=== Records for processing ===
(* Let $n\ge2$. For $s=1,\dots,n-1$, $$(1+\mathfrak p_n)^*\cap(1+\mathfrak a_{n,s})^*=\Big(1+\sum_{|I|=s,\ n\in I}\mathfrak p_I\Big)^*,$$ and $(1+\mathfrak p_n)^*\cap(1+\mathfrak a_{n,n})^*=(1+F_n)^*$.
   Context: $K$ is a field. $\mathbb S_n$ is the $K$-algebra generated by $x_1,\dots,x_n,y_1,\dots,y_n$ with relations $y_ix_i=1$ and $[x_i,y_j]=[x_i,x_j]=[y_i,y_j]=0$ ($i\ne j$). $e_i:=1-x_iy_i$; $\mathfrak p_i$ is the ideal of $\mathbb S_n$ generated by $e_i$; for $I\subseteq\{1,\dots,n\}$, $\mathfrak p_I:=\prod_{i\in I}\mathfrak p_i$ (which equals $\bigcap_{i\in I}\mathfrak p_i$); $\mathfrak a_{n,s}:=\sum_{|I|=s}\mathfrak p_I$ for $1\le s\le n$; $F_n:=\mathfrak p_{\{1,\dots,n\}}=\mathfrak a_{n,n}$. For a proper ideal $\mathfrak b$ of $\mathbb S_n$, $(1+\mathfrak b)^*$ denotes the group of units of $\mathbb S_n$ lying in $1+\mathfrak b$. *)

theory Defs
  imports "HOL-Library.Poly_Mapping" "HOL-Algebra.Ideal_Product"
begin

text \<open>A monomial x^a y^b (a, b multi-indices, a i = exponent of x_i, b i = exponent of y_i).
  Since y_i x_i = 1 and all generators with different indices commute, every element of
  S_n is uniquely a K-linear combination of such monomials (normal form), and
  x^a y^b * x^c y^d = x^(a + (c - b)) y^(d + (b - c)) coordinatewise (truncated subtraction).
  This is the bicyclic monoid, written additively so that the library monoid algebra
  (finitely supported functions with convolution) applies.\<close>

datatype bmon = BM "nat \<Rightarrow> nat" "nat \<Rightarrow> nat"

instantiation bmon :: monoid_add
begin
definition zero_bmon :: bmon where "zero_bmon = BM (\<lambda>_. 0) (\<lambda>_. 0)"
fun plus_bmon :: "bmon \<Rightarrow> bmon \<Rightarrow> bmon" where
  "plus_bmon (BM a b) (BM c d) = BM (\<lambda>i. a i + (c i - b i)) (\<lambda>i. d i + (b i - c i))"
instance
proof
  fix p q r :: bmon
  show "p + q + r = p + (q + r)"
    by (cases p; cases q; cases r) (auto simp: fun_eq_iff split: nat_diff_split)
  show "0 + p = p" by (cases p) (simp add: zero_bmon_def)
  show "p + 0 = p" by (cases p) (simp add: zero_bmon_def)
qed
end

type_synonym 'k jac = "bmon \<Rightarrow>\<^sub>0 'k"

definition mon_n :: "nat \<Rightarrow> bmon set" where
  "mon_n n = {BM a b | a b. \<forall>j. j \<notin> {1..n} \<longrightarrow> a j = 0 \<and> b j = 0}"

definition S :: "nat \<Rightarrow> ('k::field) jac ring" where
  "S n = \<lparr> carrier = {f. Poly_Mapping.keys f \<subseteq> mon_n n}, mult = (*), one = 1, zero = 0, add = (+) \<rparr>"

definition xg :: "nat \<Rightarrow> ('k::field) jac" where
  "xg i = Poly_Mapping.single (BM (\<lambda>j. if j = i then 1 else 0) (\<lambda>_. 0)) 1"

definition yg :: "nat \<Rightarrow> ('k::field) jac" where
  "yg i = Poly_Mapping.single (BM (\<lambda>_. 0) (\<lambda>j. if j = i then 1 else 0)) 1"

definition eg :: "nat \<Rightarrow> ('k::field) jac" where
  "eg i = 1 - xg i * yg i"

definition pid :: "nat \<Rightarrow> nat \<Rightarrow> ('k::field) jac set" where
  "pid n i = genideal (S n) {eg i}"

definition pI :: "nat \<Rightarrow> nat set \<Rightarrow> ('k::field) jac set" where
  "pI n I = foldr (\<lambda>i J. ideal_prod (S n) (pid n i) J) (sorted_list_of_set I) (carrier (S n))"

definition ideal_sum :: "('k::field) jac ring \<Rightarrow> ('k jac set) set \<Rightarrow> 'k jac set" where
  "ideal_sum R \<I> = genideal R (\<Union>\<I>)"

definition a_ns :: "nat \<Rightarrow> nat \<Rightarrow> ('k::field) jac set" where
  "a_ns n s = ideal_sum (S n) {pI n I | I. I \<subseteq> {1..n} \<and> card I = s}"

definition F :: "nat \<Rightarrow> ('k::field) jac set" where
  "F n = pI n {1..n}"

definition units_1p :: "('a, 'm) ring_scheme \<Rightarrow> 'a set \<Rightarrow> 'a set" where
  "units_1p R b = Units R \<inter> (\<lambda>u. \<one>\<^bsub>R\<^esub> \<oplus>\<^bsub>R\<^esub> u) ` b"

end

theory Submission
  imports Defs
begin

text \<open>
  Since y_i e_i = 0 and a large power of y_i absorbs every x_i occurring in a given element,
  every f in p_i is annihilated from the left by some y_i^N.  If moreover f lies in an ideal J,
  the telescoping identity f = (1 - x_i^N y_i^N) f = \<Sum>j<N. (x_i^j e_i) (y_i^j f) exhibits f as an
  element of p_i J.  Hence p_i \<inter> J = p_i J for every ideal J, and p_I is the intersection of the
  p_i with i in I.  Therefore p_n \<inter> a_{n,s} = p_n a_{n,s} is generated by the ideals
  p_n p_I = p_{I \<union> {n}} with |I| = s, and each of these lies in p_I' where I' arises from I by
  replacing one of its elements by n.  The statement about units follows because u \<mapsto> 1 + u
  is injective.
\<close>

lemma (in ring) ideal_if_closed:
  assumes "T \<subseteq> carrier R" "\<zero> \<in> T" "\<And>a b. a \<in> T \<Longrightarrow> b \<in> T \<Longrightarrow> a \<oplus> b \<in> T"
    "\<And>a x. a \<in> T \<Longrightarrow> x \<in> carrier R \<Longrightarrow> x \<otimes> a \<in> T"
    "\<And>a x. a \<in> T \<Longrightarrow> x \<in> carrier R \<Longrightarrow> a \<otimes> x \<in> T"
  shows "ideal T R"
proof (rule idealI)
  show "subgroup T (add_monoid R)"
  proof
    fix a assume a: "a \<in> T"
    have "inv\<^bsub>add_monoid R\<^esub> a = \<ominus> a" by (simp add: a_inv_def)
    also have "\<dots> = (\<ominus> \<one>) \<otimes> a" using a assms(1) by (simp add: l_minus subsetD)
    also have "\<dots> \<in> T" using a by (intro assms(4)) auto
    finally show "inv\<^bsub>add_monoid R\<^esub> a \<in> T" .
  qed (use assms in auto)
qed (use assms in \<open>auto intro: ring_axioms\<close>)

lemma (in ring) ideal_prod_genideal_Union_subset:
  assumes P: "ideal P R" and \<A>: "\<And>A. A \<in> \<A> \<Longrightarrow> ideal A R"
  shows "P \<cdot> genideal R (\<Union>\<A>) \<subseteq> genideal R (\<Union>A\<in>\<A>. P \<cdot> A)"
proof
  let ?B = "genideal R (\<Union>A\<in>\<A>. P \<cdot> A)"
  have generators: "(\<Union>A\<in>\<A>. P \<cdot> A) \<subseteq> carrier R"
    using ideal_prod_in_carrier[OF P \<A>] by blast
  have B: "ideal ?B R" by (rule genideal_ideal[OF generators])
  define Z where "Z = {g \<in> carrier R. \<forall>u\<in>P. u \<otimes> g \<in> ?B}"
  have "ideal Z R"
  proof (rule ideal_if_closed)
    show "Z \<subseteq> carrier R" by (auto simp: Z_def)
    show "\<zero> \<in> Z"
      using ideal.Icarr[OF P] additive_subgroup.zero_closed[OF ideal.axioms(1)[OF B]]
      by (auto simp: Z_def)
  next
    fix a b assume "a \<in> Z" "b \<in> Z"
    then show "a \<oplus> b \<in> Z"
      using ideal.Icarr[OF P] additive_subgroup.a_closed[OF ideal.axioms(1)[OF B]]
      by (auto simp: Z_def r_distr)
  next
    fix a x assume a: "a \<in> Z" and x: "x \<in> carrier R"
    show "x \<otimes> a \<in> Z"
      using a x ideal.Icarr[OF P] ideal.I_r_closed[OF P]
      by (auto simp: Z_def m_assoc[symmetric])
    show "a \<otimes> x \<in> Z"
      using a x ideal.Icarr[OF P] ideal.I_r_closed[OF B]
      by (auto simp: Z_def m_assoc[symmetric])
  qed
  moreover have "\<Union>\<A> \<subseteq> Z"
  proof
    fix g assume "g \<in> \<Union>\<A>"
    then obtain A where A: "A \<in> \<A>" "g \<in> A" by blast
    have "u \<otimes> g \<in> ?B" if "u \<in> P" for u
      using ideal_prod.prod[OF that A(2)] A(1) genideal_self[OF generators] by blast
    then show "g \<in> Z" using A ideal.Icarr[OF \<A>] by (auto simp: Z_def)
  qed
  ultimately have Z: "genideal R (\<Union>\<A>) \<subseteq> Z" by (rule genideal_minimal)
  fix f assume "f \<in> P \<cdot> genideal R (\<Union>\<A>)"
  then show "f \<in> ?B"
  proof (induction f rule: ideal_prod.induct)
    case (prod i j) then show ?case using Z by (auto simp: Z_def)
  next
    case (sum s1 s2) then show ?case
      using additive_subgroup.a_closed[OF ideal.axioms(1)[OF B]] by blast
  qed
qed

lemma (in ring) units_1p_Int:
  assumes "P \<subseteq> carrier R" "A \<subseteq> carrier R"
  shows "units_1p R P \<inter> units_1p R A = units_1p R (P \<inter> A)"
proof -
  have "inj_on (\<lambda>u. \<one> \<oplus> u) (carrier R)" by (auto intro: inj_onI)
  then show ?thesis
    unfolding units_1p_def using inj_on_image_Int[OF _ assms] by blast
qed

lemma telescope_one_minus:
  "(\<Sum>j<N. x ^ j * (1 - x * y) * y ^ j) = (1::'a::ring_1) - x ^ N * y ^ N"
proof (induction N)
  case (Suc N)
  have "x ^ N * (1 - x * y) * y ^ N = x ^ N * y ^ N - x ^ Suc N * y ^ Suc N"
    unfolding power_Suc2[of x] power_Suc[of y]
    by (simp only: right_diff_distrib left_diff_distrib mult_1_right mult.assoc)
  then show ?case using Suc by simp
qed simp

lemma carrier_S: "carrier (S n :: ('k::field) jac ring) = {f. Poly_Mapping.keys f \<subseteq> mon_n n}"
  by (simp add: S_def)

lemma S_simps [simp]:
  "mult (S n :: ('k::field) jac ring) = (*)" "add (S n :: ('k::field) jac ring) = (+)"
  "one (S n :: ('k::field) jac ring) = 1" "zero (S n :: ('k::field) jac ring) = 0"
  by (simp_all add: S_def)

lemma zero_in_mon_n: "(0::bmon) \<in> mon_n n"
  by (auto simp: mon_n_def zero_bmon_def)

lemma plus_in_mon_n: "p \<in> mon_n n \<Longrightarrow> q \<in> mon_n n \<Longrightarrow> p + q \<in> mon_n n"
  by (auto simp: mon_n_def)

lemma S_add_closed: "f \<in> carrier (S n) \<Longrightarrow> g \<in> carrier (S n) \<Longrightarrow> (f + g :: ('k::field) jac) \<in> carrier (S n)"
  using keys_add[of f g] by (auto simp: carrier_S)

lemma S_mult_closed: "f \<in> carrier (S n) \<Longrightarrow> g \<in> carrier (S n) \<Longrightarrow> (f * g :: ('k::field) jac) \<in> carrier (S n)"
  using keys_mult[of f g] by (auto simp: carrier_S intro!: plus_in_mon_n)

lemma S_uminus_closed: "f \<in> carrier (S n) \<Longrightarrow> (- f :: ('k::field) jac) \<in> carrier (S n)"
  by (auto simp: carrier_S)

lemma S_zero_closed: "(0 :: ('k::field) jac) \<in> carrier (S n)"
  by (auto simp: carrier_S)

lemma S_one_closed: "(1 :: ('k::field) jac) \<in> carrier (S n)"
  by (auto simp: carrier_S zero_bmon_def[symmetric] zero_in_mon_n)

lemma S_diff_closed: "f \<in> carrier (S n) \<Longrightarrow> g \<in> carrier (S n) \<Longrightarrow> (f - g :: ('k::field) jac) \<in> carrier (S n)"
  using S_add_closed[OF _ S_uminus_closed] by (metis diff_conv_add_uminus)

lemma S_power_closed: "f \<in> carrier (S n) \<Longrightarrow> (f ^ k :: ('k::field) jac) \<in> carrier (S n)"
  by (induction k) (auto intro: S_one_closed S_mult_closed)

lemma ring_S: "ring (S n :: ('k::field) jac ring)"
proof (rule ringI)
  show "abelian_group (S n :: 'k jac ring)"
    by (rule abelian_groupI)
      (auto intro: S_add_closed S_zero_closed S_uminus_closed add.assoc add.commute intro!: bexI[of _ "- _"])
  show "monoid (S n :: 'k jac ring)"
    by (rule monoidI) (auto intro: S_mult_closed S_one_closed mult.assoc)
qed (auto simp: distrib_left distrib_right)

lemma xg_in_S: "i \<in> {1..n} \<Longrightarrow> (xg i :: ('k::field) jac) \<in> carrier (S n)"
  by (auto simp: carrier_S xg_def mon_n_def)

lemma yg_in_S: "i \<in> {1..n} \<Longrightarrow> (yg i :: ('k::field) jac) \<in> carrier (S n)"
  by (auto simp: carrier_S yg_def mon_n_def)

lemma eg_in_S: "i \<in> {1..n} \<Longrightarrow> (eg i :: ('k::field) jac) \<in> carrier (S n)"
  by (auto simp: eg_def intro!: S_diff_closed S_one_closed S_mult_closed xg_in_S yg_in_S)

lemma yg_mult_xg: "(yg i * xg i :: ('k::field) jac) = 1"
  by (simp add: yg_def xg_def mult_single zero_bmon_def[symmetric] flip: single_one)

lemma yg_mult_eg: "(yg i * eg i :: ('k::field) jac) = 0"
proof -
  have "(yg i * eg i :: 'k jac) = yg i - (yg i * xg i) * yg i"
    by (simp add: eg_def algebra_simps)
  then show ?thesis by (simp add: yg_mult_xg)
qed

lemma yg_power: "(yg i :: ('k::field) jac) ^ M = Poly_Mapping.single (BM (\<lambda>_. 0) (\<lambda>j. if j = i then M else 0)) 1"
proof (induction M)
  case 0 then show ?case by (simp add: zero_bmon_def[symmetric] flip: single_one)
next
  case (Suc M)
  then show ?case
    by (simp add: yg_def mult_single) (rule arg_cong2[where f=Poly_Mapping.single], auto simp: fun_eq_iff)
qed

lemma single_commute_yg_power:
  assumes "a i = 0"
  shows "Poly_Mapping.single (BM a b) c * (yg i :: ('k::field) jac) ^ M = yg i ^ M * Poly_Mapping.single (BM a b) c"
  using assms by (simp add: yg_power mult_single)
    (rule arg_cong2[where f=Poly_Mapping.single], auto simp: fun_eq_iff)

lemma yg_power_mult_single:
  assumes "a i \<le> A"
  obtains a' b' where "a' i = 0"
    "(yg i :: ('k::field) jac) ^ A * Poly_Mapping.single (BM a b) c = Poly_Mapping.single (BM a' b') c"
  using assms by (intro that[of "\<lambda>j. a j - (if j = i then A else 0)"]) (simp_all add: yg_power mult_single)

lemma poly_mapping_sum_single_lookup:
  "f = (\<Sum>k\<in>Poly_Mapping.keys f. Poly_Mapping.single k (Poly_Mapping.lookup f k))"
  by (rule poly_mapping_eqI)
    (auto simp: lookup_sum lookup_single when_def in_keys_iff sum.delta' simp del: lookup_not_eq_zero_eq_in_keys)

fun x_degree :: "nat \<Rightarrow> bmon \<Rightarrow> nat" where
  "x_degree i (BM a b) = a i"

text \<open>Taking \<open>A\<close> at least the \<open>x\<^sub>i\<close>-degree of every monomial of \<open>r\<close>, the element \<open>y\<^sub>i\<^sup>A r\<close>
  involves no \<open>x\<^sub>i\<close> and hence commutes with \<open>y\<^sub>i\<close>.\<close>
lemma yg_power_mult_commute_yg_power:
  obtains A where "\<And>M. (yg i :: ('k::field) jac) ^ M * (yg i ^ A * r) = (yg i ^ A * r) * yg i ^ M"
proof
  define A where "A = (\<Sum>k\<in>Poly_Mapping.keys r. x_degree i k)"
  have comm: "yg i ^ M * (yg i ^ A * Poly_Mapping.single k (Poly_Mapping.lookup r k))
     = (yg i ^ A * Poly_Mapping.single k (Poly_Mapping.lookup r k)) * yg i ^ M"
    if k: "k \<in> Poly_Mapping.keys r" for k M
  proof -
    obtain a b where kab: "k = BM a b" by (cases k)
    have "a i \<le> A" unfolding A_def using k kab
      by (metis finite_keys member_le_sum x_degree.simps zero_le)
    then obtain a' b' where "a' i = 0" and
      "(yg i :: 'k jac) ^ A * Poly_Mapping.single k (Poly_Mapping.lookup r k) = Poly_Mapping.single (BM a' b') (Poly_Mapping.lookup r k)"
      using yg_power_mult_single kab by metis
    then show ?thesis using single_commute_yg_power[of a' i b' "Poly_Mapping.lookup r k" M] by simp
  qed
  show "yg i ^ M * (yg i ^ A * r) = (yg i ^ A * r) * yg i ^ M" for M
    by (subst (1 2) poly_mapping_sum_single_lookup[of r])
      (simp add: sum_distrib_left sum_distrib_right comm)
qed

=== Work order ===
Identify the lines in the entries that hold "Icarr" and return each one.

=== Solved problem ===
      using ideal.Icarr[OF P] additive_subgroup.zero_closed[OF ideal.axioms(1)[OF B]]
      using ideal.Icarr[OF P] additive_subgroup.a_closed[OF ideal.axioms(1)[OF B]]
      using a x ideal.Icarr[OF P] ideal.I_r_closed[OF P]
      using a x ideal.Icarr[OF P] ideal.I_r_closed[OF B]
    then show "g \<in> Z" using A ideal.Icarr[OF \<A>] by (auto simp: Z_def)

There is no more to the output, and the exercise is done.